Saved entries
/---
(* Let $A\overset{i}{\to}U\overset{j}{\to}S$ be an extension of a semilattice of groups $A$ by an inverse semigroup $S$, $\rho$ a transversal of $j$, and $\Lambda=(\alpha,\lambda,f)$ the twisted $S$-module structure on $A$ induced by $\rho$. Then $\Lambda$ is a Sieben twisted $S$-module structure, i.e. $f(s,e)=\alpha(ses^{-1})$ and $f(e,s)=\alpha(ess^{-1})$ for all $s\in S$ and $e\in E(S)$, if and only if $\rho$ is order-preserving ($s\le t\Rightarrow\rho(s)\le\rho(t)$ in the natural partial orders).
   Context: A semilattice of groups is an inverse semigroup $A$ whose idempotents are central; $A_e=\{a: aa^{-1}=a^{-1}a=e\}$. An extension of $A$ by $S$ is an inverse semigroup $U$ with a monomorphism $i:A\to U$ and an idempotent-separating epimorphism $j:U\to S$ with $i(A)=j^{-1}(E(S))$. A transversal of $j$ is $\rho:S\to U$ with $j\circ\rho=\mathrm{id}_S$ and $\rho(E(S))\subseteq E(U)$. The induced structure: $\alpha=i^{-1}\circ\rho|_{E(S)}$, $\lambda_s(a)=i^{-1}(\rho(s)i(a)\rho(s)^{-1})$, and $f(s,t)$ the unique element of $A_{\alpha(stt^{-1}s^{-1})}$ with $\rho(s)\rho(t)=i(f(s,t))\rho(st)$. *)

theory Defs
  imports Main
begin

definition semigroup_on :: "'a set \<Rightarrow> ('a \<Rightarrow> 'a \<Rightarrow> 'a) \<Rightarrow> bool" where
  "semigroup_on S m \<longleftrightarrow> (\<forall>a\<in>S. \<forall>b\<in>S. m a b \<in> S) \<and>
     (\<forall>a\<in>S. \<forall>b\<in>S. \<forall>c\<in>S. m (m a b) c = m a (m b c))"

definition inverse_semigroup :: "'a set \<Rightarrow> ('a \<Rightarrow> 'a \<Rightarrow> 'a) \<Rightarrow> bool" where
  "inverse_semigroup S m \<longleftrightarrow> semigroup_on S m \<and>
     (\<forall>a\<in>S. \<exists>!b. b \<in> S \<and> m (m a b) a = a \<and> m (m b a) b = b)"

definition sinv :: "'a set \<Rightarrow> ('a \<Rightarrow> 'a \<Rightarrow> 'a) \<Rightarrow> 'a \<Rightarrow> 'a" where
  "sinv S m a = (THE b. b \<in> S \<and> m (m a b) a = a \<and> m (m b a) b = b)"

definition idems :: "'a set \<Rightarrow> ('a \<Rightarrow> 'a \<Rightarrow> 'a) \<Rightarrow> 'a set" where
  "idems S m = {e \<in> S. m e e = e}"

definition nat_le :: "'a set \<Rightarrow> ('a \<Rightarrow> 'a \<Rightarrow> 'a) \<Rightarrow> 'a \<Rightarrow> 'a \<Rightarrow> bool" where
  "nat_le S m s t \<longleftrightarrow> s \<in> S \<and> t \<in> S \<and> (\<exists>e\<in>idems S m. s = m e t)"

definition semilattice_of_groups :: "'a set \<Rightarrow> ('a \<Rightarrow> 'a \<Rightarrow> 'a) \<Rightarrow> bool" where
  "semilattice_of_groups A m \<longleftrightarrow> inverse_semigroup A m \<and>
     (\<forall>e\<in>idems A m. \<forall>a\<in>A. m e a = m a e)"

definition group_comp :: "'a set \<Rightarrow> ('a \<Rightarrow> 'a \<Rightarrow> 'a) \<Rightarrow> 'a \<Rightarrow> 'a set" where
  "group_comp A m e = {a \<in> A. m a (sinv A m a) = e \<and> m (sinv A m a) a = e}"

definition shom :: "'a set \<Rightarrow> ('a \<Rightarrow> 'a \<Rightarrow> 'a) \<Rightarrow> 'b set \<Rightarrow> ('b \<Rightarrow> 'b \<Rightarrow> 'b) \<Rightarrow> ('a \<Rightarrow> 'b) \<Rightarrow> bool" where
  "shom S m T n h \<longleftrightarrow> (\<forall>a\<in>S. h a \<in> T) \<and> (\<forall>a\<in>S. \<forall>b\<in>S. h (m a b) = n (h a) (h b))"

definition is_extension ::
  "'a set \<Rightarrow> ('a \<Rightarrow> 'a \<Rightarrow> 'a) \<Rightarrow> 'u set \<Rightarrow> ('u \<Rightarrow> 'u \<Rightarrow> 'u) \<Rightarrow> 's set \<Rightarrow> ('s \<Rightarrow> 's \<Rightarrow> 's)
   \<Rightarrow> ('a \<Rightarrow> 'u) \<Rightarrow> ('u \<Rightarrow> 's) \<Rightarrow> bool" where
  "is_extension A mA U mU S mS i j \<longleftrightarrow>
     semilattice_of_groups A mA \<and> inverse_semigroup U mU \<and> inverse_semigroup S mS \<and>
     shom A mA U mU i \<and> inj_on i A \<and>
     shom U mU S mS j \<and> j ` U = S \<and>
     (\<forall>e\<in>idems U mU. \<forall>f\<in>idems U mU. j e = j f \<longrightarrow> e = f) \<and>
     i ` A = {u \<in> U. j u \<in> idems S mS}"

definition is_transversal ::
  "'u set \<Rightarrow> ('u \<Rightarrow> 'u \<Rightarrow> 'u) \<Rightarrow> 's set \<Rightarrow> ('s \<Rightarrow> 's \<Rightarrow> 's) \<Rightarrow> ('u \<Rightarrow> 's) \<Rightarrow> ('s \<Rightarrow> 'u) \<Rightarrow> bool" where
  "is_transversal U mU S mS j \<rho> \<longleftrightarrow>
     (\<forall>s\<in>S. \<rho> s \<in> U \<and> j (\<rho> s) = s) \<and> (\<forall>e\<in>idems S mS. \<rho> e \<in> idems U mU)"

definition ind_alpha :: "'a set \<Rightarrow> ('a \<Rightarrow> 'u) \<Rightarrow> ('s \<Rightarrow> 'u) \<Rightarrow> 's \<Rightarrow> 'a" where
  "ind_alpha A i \<rho> e = the_inv_into A i (\<rho> e)"

definition ind_lambda ::
  "'a set \<Rightarrow> 'u set \<Rightarrow> ('u \<Rightarrow> 'u \<Rightarrow> 'u) \<Rightarrow> ('a \<Rightarrow> 'u) \<Rightarrow> ('s \<Rightarrow> 'u) \<Rightarrow> 's \<Rightarrow> 'a \<Rightarrow> 'a" where
  "ind_lambda A U mU i \<rho> s a = the_inv_into A i (mU (mU (\<rho> s) (i a)) (sinv U mU (\<rho> s)))"

definition ind_f ::
  "'a set \<Rightarrow> ('a \<Rightarrow> 'a \<Rightarrow> 'a) \<Rightarrow> 'u set \<Rightarrow> ('u \<Rightarrow> 'u \<Rightarrow> 'u) \<Rightarrow> 's set \<Rightarrow> ('s \<Rightarrow> 's \<Rightarrow> 's)
   \<Rightarrow> ('a \<Rightarrow> 'u) \<Rightarrow> ('s \<Rightarrow> 'u) \<Rightarrow> 's \<Rightarrow> 's \<Rightarrow> 'a" where
  "ind_f A mA U mU S mS i \<rho> s t =
     (THE a. a \<in> group_comp A mA
               (ind_alpha A i \<rho> (mS (mS (mS s t) (sinv S mS t)) (sinv S mS s))) \<and>
             mU (\<rho> s) (\<rho> t) = mU (i a) (\<rho> (mS s t)))"

end

theory Submission
  imports Defs
begin

text \<open>Put \<open>u = \<rho> s \<rho> t\<close> and \<open>v = \<rho> (s t)\<close>. Both lie over \<open>s t\<close>, and \<open>j\<close> separates
  idempotents, so \<open>u\<close> and \<open>v\<close> have the same domain and range idempotents. Hence \<open>f(s,t)\<close> is the
  element of \<open>A\<close> mapped by \<open>i\<close> to \<open>u v\<^sup>-\<^sup>1\<close>, and it equals the idempotent \<open>\<alpha>((s t)(s t)\<^sup>-\<^sup>1)\<close>
  exactly when \<open>\<rho> s \<rho> t = \<rho> (s t)\<close>. So \<open>\<Lambda>\<close> is Sieben iff \<open>\<rho> s \<rho> e = \<rho> (s e)\<close> and
  \<open>\<rho> e \<rho> s = \<rho> (e s)\<close> for all idempotents \<open>e\<close>. The second identity makes \<open>\<rho>\<close> order-preserving,
  since \<open>s \<le> t\<close> means \<open>s = e t\<close>. Conversely, if \<open>\<rho>\<close> preserves the order, then \<open>\<rho> (e s)\<close> and
  \<open>\<rho> e \<rho> s\<close> (resp. \<open>\<rho> (s e)\<close> and \<open>\<rho> s \<rho> e\<close>) lie below \<open>\<rho> s\<close> and over the same element of \<open>S\<close>; an
  idempotent-separating homomorphism is injective on principal order ideals, because \<open>w \<le> v\<close>
  forces \<open>w = w w\<^sup>-\<^sup>1 v\<close>.\<close>

locale inv_semigroup =
  fixes S :: "'a set" and mult :: "'a \<Rightarrow> 'a \<Rightarrow> 'a" (infixl "\<cdot>" 70)
  assumes inverse_semigroup: "inverse_semigroup S (\<cdot>)"
begin

abbreviation inv :: "'a \<Rightarrow> 'a" where "inv \<equiv> sinv S (\<cdot>)"

abbreviation E :: "'a set" where "E \<equiv> idems S (\<cdot>)"

lemma mult_closed [simp]: "a \<in> S \<Longrightarrow> b \<in> S \<Longrightarrow> a \<cdot> b \<in> S"
  using inverse_semigroup unfolding inverse_semigroup_def semigroup_on_def by blast

lemma mult_assoc [simp]: "a \<in> S \<Longrightarrow> b \<in> S \<Longrightarrow> c \<in> S \<Longrightarrow> a \<cdot> b \<cdot> c = a \<cdot> (b \<cdot> c)"
  using inverse_semigroup unfolding inverse_semigroup_def semigroup_on_def by blast

lemma ex1_inverse: "a \<in> S \<Longrightarrow> \<exists>!b. b \<in> S \<and> a \<cdot> b \<cdot> a = a \<and> b \<cdot> a \<cdot> b = b"
  using inverse_semigroup unfolding inverse_semigroup_def by blast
\---
### PROBLEM DESCRIPTION
Once you have read through the entries above, state how many lines hold the word "forall", giving nothing but the number.

### SOLUTION FOR THIS TASK
7